What is expected:
Range to reproduce from the entries below: the line with "has_derivative F') (at", the line with "by (simp_all add: matrix_matrix_mult_def", and every line in between. Give them exactly and give nothing else.

Data extracts:
theorem lemma2p7:
  fixes \<phi> :: "'a::euclidean_space \<Rightarrow> ereal"
    and f :: "'a \<Rightarrow> real" and gf :: "'a \<Rightarrow> 'a" and U :: "'a set"
    and M :: "'w measure" and Fl :: "nat \<Rightarrow> 'w measure"
    and lam :: real and \<alpha> :: "nat \<Rightarrow> real" and z0 :: 'a
    and z x g :: "nat \<Rightarrow> 'w \<Rightarrow> 'a"
    and m n :: nat and \<omega> :: 'w
  assumes phi: "convex_fun \<phi>" "lsc_fun \<phi>" "proper_fun \<phi>"
    and U: "open U" "dom_fun \<phi> \<subseteq> U"
    and f_grad: "\<And>y. y \<in> U \<Longrightarrow> (f has_derivative (\<lambda>h. gf y \<bullet> h)) (at y)"
    and f_C1: "continuous_on U gf"
    and M: "prob_space M"
    and Fl: "filtration (space M) Fl" "\<And>k. sets (Fl k) \<subseteq> sets M"
    and lam: "lam > 0"
    and alpha: "\<And>k. \<alpha> k > 0"
    and z_0: "\<And>w. z 0 w = z0"
    and x_def: "\<And>k w. x k w = prox lam \<phi> (z k w)"
    and g_meas: "\<And>k. g k \<in> borel_measurable (Fl (Suc k))"
    and z_step: "\<And>k w. z (Suc k) w = z k w - \<alpha> k *\<^sub>R (g k w + grad_env lam \<phi> (z k w))"
    and mn: "m < n"
    and w: "\<omega> \<in> space M"
    and Lfin: "traj_lip gf (\<lambda>k. x k \<omega>) < \<infinity>"
  shows
    "let L = real_of_ereal (traj_lip gf (\<lambda>k. x k \<omega>));
         e = (\<lambda>k. g k \<omega> - gf (x k \<omega>));
         \<tau> = (\<Sum>i\<in>{m..<n}. \<alpha> i);
         \<tau>b = (L + 2 / lam) * exp ((L + 2 / lam) * \<tau>);
         s = Max ((\<lambda>j. norm (\<Sum>i\<in>{m..<j}. \<alpha> i *\<^sub>R e i)) ` {m<..n});
         d = Max ((\<lambda>i. norm (x i \<omega> - x m \<omega>)) ` {m<..n});
         Fm = Fnor gf lam \<phi> (z m \<omega>);
         emn = - (\<Sum>i\<in>{m..<n}. \<alpha> i *\<^sub>R (Fnor gf lam \<phi> (z i \<omega>) - Fm))
               - (\<Sum>i\<in>{m..<n}. \<alpha> i *\<^sub>R e i)
     in d \<le> Max ((\<lambda>i. norm (z i \<omega> - z m \<omega>)) ` {m<..n})
      \<and> Max ((\<lambda>i. norm (z i \<omega> - z m \<omega>)) ` {m<..n}) \<le> (1 + \<tau> * \<tau>b) * (\<tau> * norm Fm + s)
      \<and> norm emn \<le> \<tau>b * \<tau>^2 * norm Fm + (1 + \<tau>b * \<tau>) * s"
proof -
  obtain L where TL: "traj_lip gf (\<lambda>k. x k \<omega>) = ereal L" and L: "0 \<le> L"
    using traj_lip_nonneg[of gf "\<lambda>k. x k \<omega>"] Lfin by (cases "traj_lip gf (\<lambda>k. x k \<omega>)") auto
  define e where "e k = g k \<omega> - gf (x k \<omega>)" for k
  define c where "c = L + 2 / lam"
  have "L-lipschitz_on (closure (convex hull range (\<lambda>k. x k \<omega>))) gf"
    using TL L by (intro traj_lip_lipschitz_on) auto
  hence gf_lip: "norm (gf (x i \<omega>) - gf (x j \<omega>)) \<le> L * norm (x i \<omega> - x j \<omega>)" for i j
    by (rule lipschitz_on_normD) (meson closure_subset hull_inc rangeI subsetD)+
  have F_lip: "norm (Fnor gf lam \<phi> (z i \<omega>) - Fnor gf lam \<phi> (z m \<omega>)) \<le> c * norm (z i \<omega> - z m \<omega>)" for i
    unfolding c_def using Fnor_lipschitz[OF phi lam gf_lip[of i m, unfolded x_def] L] .
  have iter: "z (Suc k) \<omega> = z k \<omega> - \<alpha> k *\<^sub>R (Fnor gf lam \<phi> (z k \<omega>) + e k)" for k
    unfolding z_step e_def Fnor_def grad_env_def x_def by (simp add: algebra_simps)
  have "0 \<le> c" unfolding c_def using L lam by simp
  note estimates = perturbed_iteration_estimates[OF iter less_imp_le[OF alpha] this mn F_lip]
  have "Max ((\<lambda>i. norm (x i \<omega> - x m \<omega>)) ` {m<..n}) \<le> Max ((\<lambda>i. norm (z i \<omega> - z m \<omega>)) ` {m<..n})"
    using mn prox_nonexpansive[OF phi lam] unfolding x_def
    by (subst Max_le_iff) (auto intro: order_trans[OF _ Max_ge])
  with estimates show ?thesis
    unfolding Let_def c_def[symmetric] e_def[symmetric] TL real_of_ereal.simps
    by (simp add: algebra_simps)
qed

end
text \<open>Differentiating the curvature along the vector fields \<open>(v, g Y)\<close> of \<open>P\<close> gives the Bianchi
  identity \<open>d\<Omega> = [\<Omega>, \<omega>]\<close>: the second derivatives of \<open>\<omega>\<close> cancel by Schwarz's theorem, and the
  correction terms coming from brackets of these fields are curvature values on vertical vectors,
  which vanish for the normal form. Near a point where \<open>\<omega>\<^sub>2\<^sub>1 \<and> \<omega>\<^sub>3\<^sub>1\<close> does not vanish,
  \<open>a = \<Omega>\<^sub>1\<^sub>2 / (\<omega>\<^sub>2\<^sub>1 \<and> \<omega>\<^sub>3\<^sub>1)\<close> is differentiable. Evaluating the \<open>(1,2)\<close> entry of the
  Bianchi identity on a frame dual to \<open>E\<^sub>2\<^sub>1, E\<^sub>3\<^sub>1, E\<^sub>3\<^sub>2\<close> leaves \<open>b = u\<^sub>2\<^sup>* a\<close>, because the
  remaining terms are lower-triangular entries of \<open>d\<omega>\<close>, which the structure equation expresses
  through \<open>[\<omega>, \<omega>]\<close> alone; the \<open>(2,3)\<close> entry gives \<open>c = -u\<^sub>1\<^sup>* d\<close> in the same way.\<close>

section \<open>Symmetry of second derivatives\<close>

lemma has_real_derivative_along_line:
  fixes f :: "'a::real_normed_vector \<Rightarrow> real"
  assumes "f differentiable at (a + s *\<^sub>R u)"
  shows "((\<lambda>t. f (a + t *\<^sub>R u)) has_real_derivative frechet_derivative f (at (a + s *\<^sub>R u)) u) (at s)"
proof -
  let ?f' = "frechet_derivative f (at (a + s *\<^sub>R u))"
  have f': "(f has_derivative ?f') (at (a + s *\<^sub>R u))"
    using assms frechet_derivative_works by blast
  have "((\<lambda>t. a + t *\<^sub>R u) has_derivative (\<lambda>t. t *\<^sub>R u)) (at s)"
    by (auto intro!: derivative_eq_intros)
  from has_derivative_compose[OF this f']
  have "((\<lambda>t. f (a + t *\<^sub>R u)) has_derivative (\<lambda>t. ?f' (t *\<^sub>R u))) (at s)"
    by (simp add: o_def)
  moreover have "(\<lambda>t. ?f' (t *\<^sub>R u)) = (*) (?f' u)"
    using linear_scale[OF has_derivative_linear[OF f']] by (auto simp: fun_eq_iff)
  ultimately show ?thesis
    unfolding has_field_derivative_def by simp
qed

lemma second_difference_mean_value:
  fixes f :: "'a::real_normed_vector \<Rightarrow> real"
  assumes f: "\<And>x. f differentiable at x"
    and fu: "\<And>x. (\<lambda>y. frechet_derivative f (at y) u) differentiable at x"
    and h: "h > 0"
  obtains z where "norm (z - p) \<le> h * (norm u + norm v)"
    and "f (p + h *\<^sub>R u + h *\<^sub>R v) - f (p + h *\<^sub>R u) - f (p + h *\<^sub>R v) + f p
      = h\<^sup>2 * frechet_derivative (\<lambda>y. frechet_derivative f (at y) u) (at z) v"
proof -
  define g where "g = (\<lambda>y. frechet_derivative f (at y) u)"
  define \<psi> where "\<psi> = (\<lambda>s. f ((p + h *\<^sub>R v) + s *\<^sub>R u) - f (p + s *\<^sub>R u))"
  have "\<exists>\<sigma>. 0 < \<sigma> \<and> \<sigma> < h \<and> \<psi> h - \<psi> 0 = (h - 0) * (g ((p + h *\<^sub>R v) + \<sigma> *\<^sub>R u) - g (p + \<sigma> *\<^sub>R u))"
    unfolding \<psi>_def g_def by (intro MVT2[OF h] DERIV_diff has_real_derivative_along_line f)
  then obtain \<sigma> where \<sigma>: "0 < \<sigma>" "\<sigma> < h"
    and \<psi>: "\<psi> h - \<psi> 0 = h * (g ((p + h *\<^sub>R v) + \<sigma> *\<^sub>R u) - g (p + \<sigma> *\<^sub>R u))"
    by auto
  define \<phi> where "\<phi> = (\<lambda>t. g ((p + \<sigma> *\<^sub>R u) + t *\<^sub>R v))"
  have "\<exists>\<tau>. 0 < \<tau> \<and> \<tau> < h \<and> \<phi> h - \<phi> 0 = (h - 0) * frechet_derivative g (at ((p + \<sigma> *\<^sub>R u) + \<tau> *\<^sub>R v)) v"
    unfolding \<phi>_def by (intro MVT2[OF h] has_real_derivative_along_line) (simp add: g_def fu)
  then obtain \<tau> where \<tau>: "0 < \<tau>" "\<tau> < h"
    and \<phi>: "\<phi> h - \<phi> 0 = h * frechet_derivative g (at ((p + \<sigma> *\<^sub>R u) + \<tau> *\<^sub>R v)) v"
    by auto
  have "norm (\<sigma> *\<^sub>R u + \<tau> *\<^sub>R v) \<le> \<sigma> * norm u + \<tau> * norm v"
    using \<sigma> \<tau> by (smt (verit) norm_scaleR norm_triangle_ineq)
  also have "\<dots> \<le> h * (norm u + norm v)"
    using \<sigma> \<tau> by (simp add: distrib_left add_mono mult_right_mono)
  finally have "norm (((p + \<sigma> *\<^sub>R u) + \<tau> *\<^sub>R v) - p) \<le> h * (norm u + norm v)"
    by (simp add: add.assoc)
  moreover have "f (p + h *\<^sub>R u + h *\<^sub>R v) - f (p + h *\<^sub>R u) - f (p + h *\<^sub>R v) + f p = h * (\<phi> h - \<phi> 0)"
    using \<psi> unfolding \<psi>_def \<phi>_def by (simp add: algebra_simps)
  ultimately show ?thesis
    using that[of "(p + \<sigma> *\<^sub>R u) + \<tau> *\<^sub>R v"] \<phi> unfolding g_def by (simp add: power2_eq_square)
qed

text \<open>Schwarz's theorem: both mixed derivatives are values of the same second difference quotient
  at points near \<open>p\<close>, so continuity at \<open>p\<close> forces them to agree.\<close>
lemma mixed_directional_derivatives_eq:
  fixes f :: "'a::real_normed_vector \<Rightarrow> real"
  assumes f: "\<And>x. f differentiable at x"
    and fu: "\<And>x. (\<lambda>y. frechet_derivative f (at y) u) differentiable at x"
    and fv: "\<And>x. (\<lambda>y. frechet_derivative f (at y) v) differentiable at x"
    and cont_uv: "isCont (\<lambda>x. frechet_derivative (\<lambda>y. frechet_derivative f (at y) u) (at x) v) p"
    and cont_vu: "isCont (\<lambda>x. frechet_derivative (\<lambda>y. frechet_derivative f (at y) v) (at x) u) p"
  shows "frechet_derivative (\<lambda>y. frechet_derivative f (at y) u) (at p) v
       = frechet_derivative (\<lambda>y. frechet_derivative f (at y) v) (at p) u"
proof (rule ccontr)
  define A where "A = (\<lambda>x. frechet_derivative (\<lambda>y. frechet_derivative f (at y) u) (at x) v)"
  define B where "B = (\<lambda>x. frechet_derivative (\<lambda>y. frechet_derivative f (at y) v) (at x) u)"
  assume "\<not> ?thesis"
  then have e: "\<bar>A p - B p\<bar> / 2 > 0" unfolding A_def B_def by simp
  obtain d1 where d1: "d1 > 0" "\<And>x. dist x p < d1 \<Longrightarrow> dist (A x) (A p) < \<bar>A p - B p\<bar> / 2"
    using cont_uv e unfolding continuous_at_eps_delta A_def by blast
  obtain d2 where d2: "d2 > 0" "\<And>x. dist x p < d2 \<Longrightarrow> dist (B x) (B p) < \<bar>A p - B p\<bar> / 2"
    using cont_vu e unfolding continuous_at_eps_delta B_def by blast
  define h where "h = min d1 d2 / (2 * (norm u + norm v + 1))"
  have pos: "0 < 2 * (norm u + norm v + 1)" by (smt (verit) norm_ge_zero)
  have h: "h > 0" using d1 d2 pos unfolding h_def by simp
  have small: "h * (norm u + norm v) < min d1 d2"
  proof -
    have "h * (norm u + norm v) \<le> h * (norm u + norm v + 1)" using h by simp
    also have "\<dots> = min d1 d2 / 2" unfolding h_def using pos by (simp add: field_simps)
    finally show ?thesis using d1 d2 by linarith
  qed
  obtain z where z_near: "norm (z - p) \<le> h * (norm u + norm v)"
    and z: "f (p + h *\<^sub>R u + h *\<^sub>R v) - f (p + h *\<^sub>R u) - f (p + h *\<^sub>R v) + f p = h\<^sup>2 * A z"
    using second_difference_mean_value[OF f fu h] unfolding A_def by blast
  obtain w where w_near: "norm (w - p) \<le> h * (norm u + norm v)"
    and w: "f (p + h *\<^sub>R v + h *\<^sub>R u) - f (p + h *\<^sub>R v) - f (p + h *\<^sub>R u) + f p = h\<^sup>2 * B w"
    using second_difference_mean_value[OF f fv h, of p u] unfolding B_def by (auto simp: add.commute)
  have "dist (A z) (A p) < \<bar>A p - B p\<bar> / 2"
    using z_near small by (intro d1(2)) (simp add: dist_norm)
  moreover have "dist (B w) (B p) < \<bar>A p - B p\<bar> / 2"
    using w_near small by (intro d2(2)) (simp add: dist_norm)
  moreover have "A z = B w"
    using z w h by (simp add: algebra_simps)
  ultimately show False by (simp add: dist_real_def abs_if split: if_splits)
qed

section \<open>Derivatives of matrix-valued expressions\<close>

lemma has_derivative_linear_family_apply:
  fixes G :: "'a::real_normed_vector \<Rightarrow> 'c::euclidean_space \<Rightarrow> 'b::real_normed_vector"
  assumes lin: "\<And>q. linear (G q)" and G: "\<And>e. (\<lambda>q. G q e) differentiable at p"
    and u: "(u has_derivative u') (at p)"
  shows "((\<lambda>q. G q (u q)) has_derivative
           (\<lambda>\<zeta>. frechet_derivative (\<lambda>q. G q (u p)) (at p) \<zeta> + G p (u' \<zeta>))) (at p)"
proof -
  define DG where "DG = (\<lambda>b. frechet_derivative (\<lambda>q. G q b) (at p))"
  have DG: "((\<lambda>q. G q b) has_derivative DG b) (at p)" for b
    using G frechet_derivative_works unfolding DG_def by blast
  have expand: "G q w = (\<Sum>b\<in>Basis. (w \<bullet> b) *\<^sub>R G q b)" for q w
  proof -
    have "G q w = G q (\<Sum>b\<in>Basis. (w \<bullet> b) *\<^sub>R b)" by (simp add: euclidean_representation)
    then show ?thesis using lin by (simp add: linear_sum linear_scale)
  qed
  have "((\<lambda>q. \<Sum>b\<in>Basis. (u q \<bullet> b) *\<^sub>R G q b) has_derivative
      (\<lambda>\<zeta>. \<Sum>b\<in>Basis. (u p \<bullet> b) *\<^sub>R DG b \<zeta> + (u' \<zeta> \<bullet> b) *\<^sub>R G p b)) (at p)"
    by (intro has_derivative_sum has_derivative_scaleR has_derivative_inner_left u DG)
  moreover have const_dir: "((\<lambda>q. \<Sum>b\<in>Basis. (u p \<bullet> b) *\<^sub>R G q b) has_derivative
      (\<lambda>\<zeta>. \<Sum>b\<in>Basis. (u p \<bullet> b) *\<^sub>R DG b \<zeta> + 0 *\<^sub>R G p b)) (at p)"
    by (intro has_derivative_sum has_derivative_scaleR has_derivative_const DG)
  have "frechet_derivative (\<lambda>q. G q (u p)) (at p) = (\<lambda>\<zeta>. \<Sum>b\<in>Basis. (u p \<bullet> b) *\<^sub>R DG b \<zeta>)"
    using frechet_derivative_at[OF const_dir] by (simp add: expand[of _ "u p"])
  ultimately show ?thesis
    by (simp add: sum.distrib expand[symmetric])
qed

lemma has_derivative_matrix_entry:
  fixes F :: "'a::real_normed_vector \<Rightarrow> real^'n^'m"
  assumes "(F has_derivative F') (at p)"
  shows "((\<lambda>q. F q $ i $ j) has_derivative (\<lambda>\<zeta>. F' \<zeta> $ i $ j)) (at p)"
  using bounded_linear.has_derivative[OF bounded_linear_compose[OF bounded_linear_vec_nth bounded_linear_vec_nth] assms]
  by simp

lemma frechet_derivative_matrix_entry:
  fixes F :: "'a::real_normed_vector \<Rightarrow> real^'n^'m"
  assumes "F differentiable at p"
  shows "(\<lambda>q. F q $ i $ j) differentiable at p"
    and "frechet_derivative (\<lambda>q. F q $ i $ j) (at p) = (\<lambda>\<zeta>. frechet_derivative F (at p) \<zeta> $ i $ j)"
  using has_derivative_matrix_entry[OF assms[unfolded frechet_derivative_works]]
  by (auto simp: differentiable_def frechet_derivative_at[symmetric])

lemma matrix_mult_distribs:
  fixes A B C :: mat3
  shows "(A + B) ** C = A ** C + B ** C" "A ** (B + C) = A ** B + A ** C"
    "(A - B) ** C = A ** C - B ** C" "A ** (B - C) = A ** B - A ** C"
    "(- A) ** C = - (A ** C)" "A ** (- C) = - (A ** C)"
  by (simp_all add: matrix_matrix_mult_def vec_eq_iff sum_3 algebra_simps)

lemma bounded_bilinear_matrix_mult: "bounded_bilinear (\<lambda>A B::mat3. A ** B)"
proof -
  have "bilinear (\<lambda>A B::mat3. A ** B)"
    unfolding bilinear_def
    by (auto intro!: linearI simp: matrix_matrix_mult_def vec_eq_iff sum_3 algebra_simps)
  then show ?thesis using bilinear_conv_bounded_bilinear by blast
qed

lemma has_derivative_lie_br:
  assumes "(A has_derivative A') (at p)" "(B has_derivative B') (at p)"
  shows "((\<lambda>q. lie_br (A q) (B q)) has_derivative
           (\<lambda>\<zeta>. lie_br (A' \<zeta>) (B p) + lie_br (A p) (B' \<zeta>))) (at p)"
proof -
  have "((\<lambda>q. A q ** B q - B q ** A q) has_derivative
      (\<lambda>\<zeta>. (A p ** B' \<zeta> + A' \<zeta> ** B p) - (B p ** A' \<zeta> + B' \<zeta> ** A p))) (at p)"
    by (intro has_derivative_diff bounded_bilinear.FDERIV[OF bounded_bilinear_matrix_mult] assms)
  then show ?thesis unfolding lie_br_def by (simp add: algebra_simps)
qed

section \<open>The group \<open>G\<close> and the bundle \<open>P\<close>\<close>

lemma upper3_mult: "upper3 A \<Longrightarrow> upper3 B \<Longrightarrow> upper3 (A ** B)"
  unfolding upper3_def matrix_matrix_mult_def by (simp add: sum_3)

lemma det_upper3: "upper3 A \<Longrightarrow> det A = A$1$1 * A$2$2 * A$3$3"
  unfolding upper3_def by (simp add: det_3)

lemma lie_br_gLie: "A \<in> gLie \<Longrightarrow> B \<in> gLie \<Longrightarrow> lie_br A B \<in> gLie"
  unfolding gLie_def upper3_def lie_br_def
  by (simp add: trace_def sum_3 matrix_matrix_mult_def algebra_simps)

lemma gLie_lower_entries:
  "X \<in> gLie \<Longrightarrow> X $ 2 $ 1 = 0 \<and> X $ 3 $ 1 = 0 \<and> X $ 3 $ 2 = 0"
  unfolding gLie_def upper3_def by blast

lemma Emat_sl3: "i \<noteq> j \<Longrightarrow> Emat i j \<in> sl3"
  unfolding sl3_def Emat_def trace_def by (auto intro!: sum.neutral)

definition lfield :: "real^3 \<Rightarrow> mat3 \<Rightarrow> pt \<Rightarrow> pt" where
  "lfield v Y q = (v, snd q ** Y)"

lemma tangent_iff_lfield: "\<xi> \<in> tangent q \<longleftrightarrow> (\<exists>v Y. Y \<in> gLie \<and> \<xi> = lfield v Y q)"
  unfolding tangent_def lfield_def by auto

lemma lfield_tangent: "Y \<in> gLie \<Longrightarrow> lfield v Y q \<in> tangent q"
  using tangent_iff_lfield by blast

lemma has_derivative_lfield: "(lfield v Y has_derivative lfield 0 Y) (at p)"
  unfolding lfield_def
  by (intro has_derivative_Pair has_derivative_const
      bounded_linear.has_derivative[OF bounded_bilinear.bounded_linear_left[OF bounded_bilinear_matrix_mult]]
      has_derivative_snd has_derivative_ident)

lemma lfield_bracket:
  "lfield 0 Yi (lfield vk Yk p) - lfield 0 Yk (lfield vi Yi p) = lfield 0 (lie_br Yk Yi) p"
  unfolding lfield_def lie_br_def by (simp add: matrix_mult_distribs matrix_mul_assoc)

lemma Gset_mult: "g \<in> Gset \<Longrightarrow> h \<in> Gset \<Longrightarrow> g ** h \<in> Gset"
  unfolding Gset_def by (simp add: upper3_mult det_mul)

Task result:
  assumes "(F has_derivative F') (at p)"
  shows "((\<lambda>q. F q $ i $ j) has_derivative (\<lambda>\<zeta>. F' \<zeta> $ i $ j)) (at p)"
  using bounded_linear.has_derivative[OF bounded_linear_compose[OF bounded_linear_vec_nth bounded_linear_vec_nth] assms]
  by simp

lemma frechet_derivative_matrix_entry:
  fixes F :: "'a::real_normed_vector \<Rightarrow> real^'n^'m"
  assumes "F differentiable at p"
  shows "(\<lambda>q. F q $ i $ j) differentiable at p"
    and "frechet_derivative (\<lambda>q. F q $ i $ j) (at p) = (\<lambda>\<zeta>. frechet_derivative F (at p) \<zeta> $ i $ j)"
  using has_derivative_matrix_entry[OF assms[unfolded frechet_derivative_works]]
  by (auto simp: differentiable_def frechet_derivative_at[symmetric])

lemma matrix_mult_distribs:
  fixes A B C :: mat3
  shows "(A + B) ** C = A ** C + B ** C" "A ** (B + C) = A ** B + A ** C"
    "(A - B) ** C = A ** C - B ** C" "A ** (B - C) = A ** B - A ** C"
    "(- A) ** C = - (A ** C)" "A ** (- C) = - (A ** C)"
  by (simp_all add: matrix_matrix_mult_def vec_eq_iff sum_3 algebra_simps)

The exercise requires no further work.